In [None]:
_='''
Linear Regression Assumptions:

Linearity: A linear relationship exists between predictors and the response variable.
Independence: Residuals (errors) should be independent of each other.
Homoscedasticity: Residuals show constant variance against predicted values.
Normality: Residuals should have an approximate normal distribution.
No Multicollinearity: Predictors should not be highly correlated.
Additivity: The combined effects of predictors are additive.


ANOVA Assumptions:

Independence: Observations must be independent within and across groups.
Random Sampling: Data represents random samples from populations.
Normality: Residuals should be approximately normal.
Scale: Data should be at the interval or ratio level of measurement
Homogeneity of Variances: Variances should be equal across groups.
Absence of Outliers: Outliers can skew results and should be addressed.
Interactions: In Two-Way ANOVA, interactions between factors should be considered.
Equal Group Sizes: not required but ideally, groups should have roughly the same number of observations to enhance test reliability

Violating the assumptions of ANOVA or linear regression can compromise model accuracy, making predictions and interpretations less reliable. 
Additionally, misleading p-values can arise, increasing the risk of incorrect inferences about statistical significance. These issues can 
undermine the trustworthiness and the generalizability of the results.

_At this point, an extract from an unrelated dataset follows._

(* Let $\mathcal{L}$, $\mathcal{C}$, $\mathcal{M}$, the types $\sigma_C,\rho_C,\sigma_M,\rho^1_M,\rho^2_M$, the label sets $L_M$ and the repository $\Delta^{\mathcal{C},\mathcal{M}}_{\mathcal{L}}$ be as in the context. Let $\Gamma$ be a finite basis with $\Gamma\subseteq\{x_C:\sigma_C\to\rho_C\mid C\in\mathcal{C}\}\cup\{x^{\rho}_M:(\sigma_M\to\rho\cap\rho^1_M)\to(\sigma_M\to\rho+\rho^2_M)\mid M\in\mathcal{M},\ \rho\in\mathbb{T}_R,\ [\![\rho]\!]\text{ defined}\}$ (where $x_C$, $x^\rho_M$ are distinct term variables), and let $\sigma\in\mathbb{T}$, $\rho\in\mathbb{T}_R$ be such that $[\![\sigma\to\rho]\!]$ is defined. Let $k=\max(\{\mathrm{level}([\![\rho_C]\!])\mid C\in\mathcal{C}\}\cup\{\mathrm{level}([\![\rho^2_M]\!])\mid M\in\mathcal{M}\}\cup\{\mathrm{level}([\![\rho]\!])\})$. Let $M_1,\ldots,M_n\in\mathcal{M}$ and $C\in\mathcal{C}$. If $\Gamma\vdash x_C\triangleright x^{\rho_1}_{M_1}\triangleright\cdots\triangleright x^{\rho_n}_{M_n}:\sigma\to\rho$ in the type assignment system for $\Lambda_R$, then $\Delta^{\mathcal{C},\mathcal{M}}_{\mathcal{L}}\vdash_k C\triangleright M_1\triangleright\cdots\triangleright M_n:[\![\sigma\to\rho]\!]$ in $\mathsf{BCL}_k(\mathbb{T}_C)$.
   Context: \textbf{The calculus $\Lambda_R$.} Terms: $M,N ::= x \mid \lambda x.M \mid MN \mid M.l \mid R \mid M\oplus R$, records $R ::= \langle l_i = M_i \mid i\in I\rangle$ ($I$ finite, labels pairwise distinct), $\mathit{lbl}(\langle l_i=M_i\mid i\in I\rangle)=\{l_i\mid i\in I\}$. $\mathbf{Y}=\lambda f.(\lambda x.f(xx))(\lambda x.f(xx))$. A class is a closed term $\mathbf{Y}(\lambda\,\mathit{myClass}\,\lambda\,\mathit{state}.\,R)$; a mixin is a closed term $\lambda\,\mathit{argClass}.\,\mathbf{Y}(\lambda\,\mathit{myClass}\,\lambda\,\mathit{state}.\,(\mathit{argClass}\;\mathit{state})\oplus R_M)$ with $R_M$ a record. \textbf{Types for $\Lambda_R$.} $\mathbb{T}\ni\sigma ::= a\mid\omega\mid\sigma_1\to\sigma_2\mid\sigma_1\cap\sigma_2\mid\rho$, $\mathbb{T}_R\ni\rho ::= \langle\rangle\mid\langle l:\sigma\rangle\mid\rho_1+\rho_2\mid\rho_1\cap\rho_2$. Subtyping $\le$ is the least preorder with: $\sigma\le\omega$; $\omega\le\omega\to\omega$; $\sigma\cap\tau\le\sigma$; $\sigma\cap\tau\le\tau$; $\sigma\le\tau_1,\sigma\le\tau_2\Rightarrow\sigma\le\tau_1\cap\tau_2$; $(\sigma\to\tau_1)\cap(\sigma\to\tau_2)\le\sigma\to\tau_1\cap\tau_2$; $\sigma_2\le\sigma_1,\tau_1\le\tau_2\Rightarrow\sigma_1\to\tau_1\le\sigma_2\to\tau_2$; $\langle l:\sigma\rangle\le\langle\rangle$; $\langle l:\sigma\rangle\cap\langle l:\tau\rangle\le\langle l:\sigma\cap\tau\rangle$; $\sigma\le\tau\Rightarrow\langle l:\sigma\rangle\le\langle l:\tau\rangle$; $\rho+\langle\rangle=\langle\rangle+\rho=\rho$; $(\rho_1+\rho_2)+\rho_3=\rho_1+(\rho_2+\rho_3)$; $(\rho_1\cap\rho_2)+\rho_3=(\rho_1+\rho_3)\cap(\rho_2+\rho_3)$; $\langle l:\sigma\rangle+(\langle l:\tau\rangle\cap\rho)=\langle l:\tau\rangle\cap\rho$; $\langle l:\sigma\rangle+(\langle l':\tau\rangle\cap\rho)=\langle l':\tau\rangle\cap(\langle l:\sigma\rangle+\rho)$ if $l\neq l'$; $\rho_1\le\rho_2\Rightarrow\rho_1+\rho\le\rho_2+\rho$; $\rho_1=\rho_2\Rightarrow\rho+\rho_1=\rho+\rho_2$ ($=$ meaning $\le$ both ways). $\mathit{lbl}(\langle\rangle)=\emptyset$, $\mathit{lbl}(\langle l:\sigma\rangle)=\{l\}$, $\mathit{lbl}(\rho_1\cap\rho_2)=\mathit{lbl}(\rho_1+\rho_2)=\mathit{lbl}(\rho_1)\cup\mathit{lbl}(\rho_2)$. \textbf{Type assignment for $\Lambda_R$}: variable axiom from the basis; $\to$-introduction/elimination; $\cap$-introduction; $\Gamma\vdash M:\omega$; subsumption along $\le$; $\Gamma\vdash\langle l_i=M_i\mid i\in I\rangle:\langle\rangle$; from $\Gamma\vdash M_k:\sigma$, $k\in I$ infer $\Gamma\vdash\langle l_i=M_i\mid i\in I\rangle:\langle l_k:\sigma\rangle$; from $\Gamma\vdash M:\langle l:\sigma\rangle$ infer $\Gamma\vdash M.l:\sigma$; from $\Gamma\vdash M:\rho_1$, $\Gamma\vdash R:\rho_2$, $\mathit{lbl}(R)=\mathit{lbl}(\rho_2)$ infer $\Gamma\vdash M\oplus R:\rho_1+\rho_2$. \textbf{$\mathsf{BCL}_k(\mathbb{T}_C)$.} Types $\mathbb{T}_C\ni\tau ::= a\mid\alpha\mid\omega\mid\tau_1\to\tau_2\mid\tau_1\cap\tau_2\mid c(\tau)$; subtyping: the arrow/intersection axioms above plus $\tau_1\le\tau_2\Rightarrow c(\tau_1)\le c(\tau_2)$ and $c(\tau_1)\cap c(\tau_2)\le c(\tau_1\cap\tau_2)$. Level: $0$ for $\omega,a,\alpha$; $\mathrm{level}(c(\tau))=1+\mathrm{level}(\tau)$; $\mathrm{level}(\sigma\to\tau)=1+\max(\mathrm{level}(\sigma),\mathrm{level}(\tau))$; $\mathrm{level}(\sigma\cap\tau)=\max(\mathrm{level}(\sigma),\mathrm{level}(\tau))$; $\mathrm{level}(S)=\max_{\alpha\in\mathrm{dom}(S)}\mathrm{level}(S(\alpha))$ for substitutions $S$. A repository $\Delta$ is a finite set of $C:\tau$; combinatory terms $E::=C\mid(E\,E')$. Rules: from $C:\tau\in\Delta$, $\mathrm{level}(S)\le k$ infer $\Delta\vdash_k C:S(\tau)$; $\to$-elimination; $\cap$-introduction; subsumption. \textbf{Translation.} Fixed finite label set $\mathcal{L}$, unary constructors $\langle\!\langle\cdot\rangle\!\rangle$ and $l(\cdot)$ for $l\in\mathcal{L}$; partial map $[\![\omega]\!]=\omega$, $[\![a]\!]=a$, $[\![\sigma\to\tau]\!]=[\![\sigma]\!]\to[\![\tau]\!]$, $[\![\sigma\cap\tau]\!]=[\![\sigma]\!]\cap[\![\tau]\!]$, $[\![\langle l:\tau\rangle]\!]=\langle\!\langle l([\![\tau]\!])\rangle\!\rangle$, $[\![\langle\rangle]\!]=\langle\!\langle\omega\rangle\!\rangle$; undefined on types containing $+$. \textbf{Setting.} $\mathcal{C}$ finite set of classes with $\sigma_C,\rho_C$, $[\![\sigma_C\to\rho_C]\!]$ defined, $\vdash C:\sigma_C\to\rho_C$. $\mathcal{M}$ finite set of mixins with $\sigma_M,\rho^1_M,\rho^2_M$ whose translations are defined and such that for all $\rho\in\mathbb{T}_R$, $\vdash M:(\sigma_M\to\rho\cap\rho^1_M)\to(\sigma_M\to\rho+\rho^2_M)$; $L_M=\mathit{lbl}(\rho^2_M)\subseteq\mathcal{L}$ non-empty, the labels defined by $M$. Repository $\Delta^{\mathcal{C},\mathcal{M}}_{\mathcal{L}}=\{C:[\![\sigma_C\to\rho_C]\!]\}\cup\{M:(([\![\sigma_M]\!]\to[\![\rho^1_M]\!])\to([\![\sigma_M]\!]\to[\![\rho^2_M]\!]))\cap\bigcap_{l\in\mathcal{L}\setminus L_M}(([\![\sigma_M]\!]\to\langle\!\langle l(\alpha_l)\rangle\!\rangle)\to([\![\sigma_M]\!]\to\langle\!\langle l(\alpha_l)\rangle\!\rangle))\}$. $x\triangleright f$ means $f\,x$, left associative. *)

theory Defs
  imports Main
begin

One way Python's tool can be utilized to help assess an ANOVA test is by using the command 
f_statistic, p_value = stats.f_oneway(df['group 1'], df['group 2'], df['group 3']) from the scipy.stats library. 
This function calculates the F-statistic and the associated p-value, providing a straightforward method to test the null 
hypothesis that all group means are equal. 
'''

In [2]:
import pandas as pd
import scipy.stats as stats

# All assumptions have been met and ANOVA is the appropriate test

# H0: The teaching methods (Traditional, Hybrid, Online) have no effect on exam scores.
# The means of the exam scores are equal across all three groups.

# H1: At least one teaching method leads to different exam scores.
# The mean exam score is not the same for all groups. At least one group mean is different.

# exam scores
data = {
    'Traditional': [85, 88, 82, 90, 87, 85, 84, 88, 86, 87, 86, 85, 87, 84, 85, 85, 88, 84, 86, 87, 86, 84, 86, 87, 88],
    'Hybrid': [89, 90, 88, 91, 88, 92, 90, 89, 90, 91, 89, 90, 89, 91, 88, 89, 91, 89, 90, 88, 89, 90, 90, 89, 91],
    'Online': [80, 82, 79, 81, 82, 80, 83, 81, 80, 82, 80, 79, 80, 82, 79, 80, 81, 82, 80, 79, 81, 80, 82, 80, 79]
}

# Convert data to a DataFrame
df = pd.DataFrame(data)

# Perform an ANOVA test to compare means
f_statistic, p_value = stats.f_oneway(df['Traditional'], df['Hybrid'], df['Online'])

print(f'F-statistic: {f_statistic}')
print(f'P-value: {p_value}')

# results
alpha = 0.05
if p_value < alpha:
    print("There's a statistically significant difference between the groups.")
else:
    print("There's no statistically significant difference between the groups.")


F-statistic: 272.52668213457105
P-value: 2.5843527350432272e-34
There's a statistically significant difference between the groups.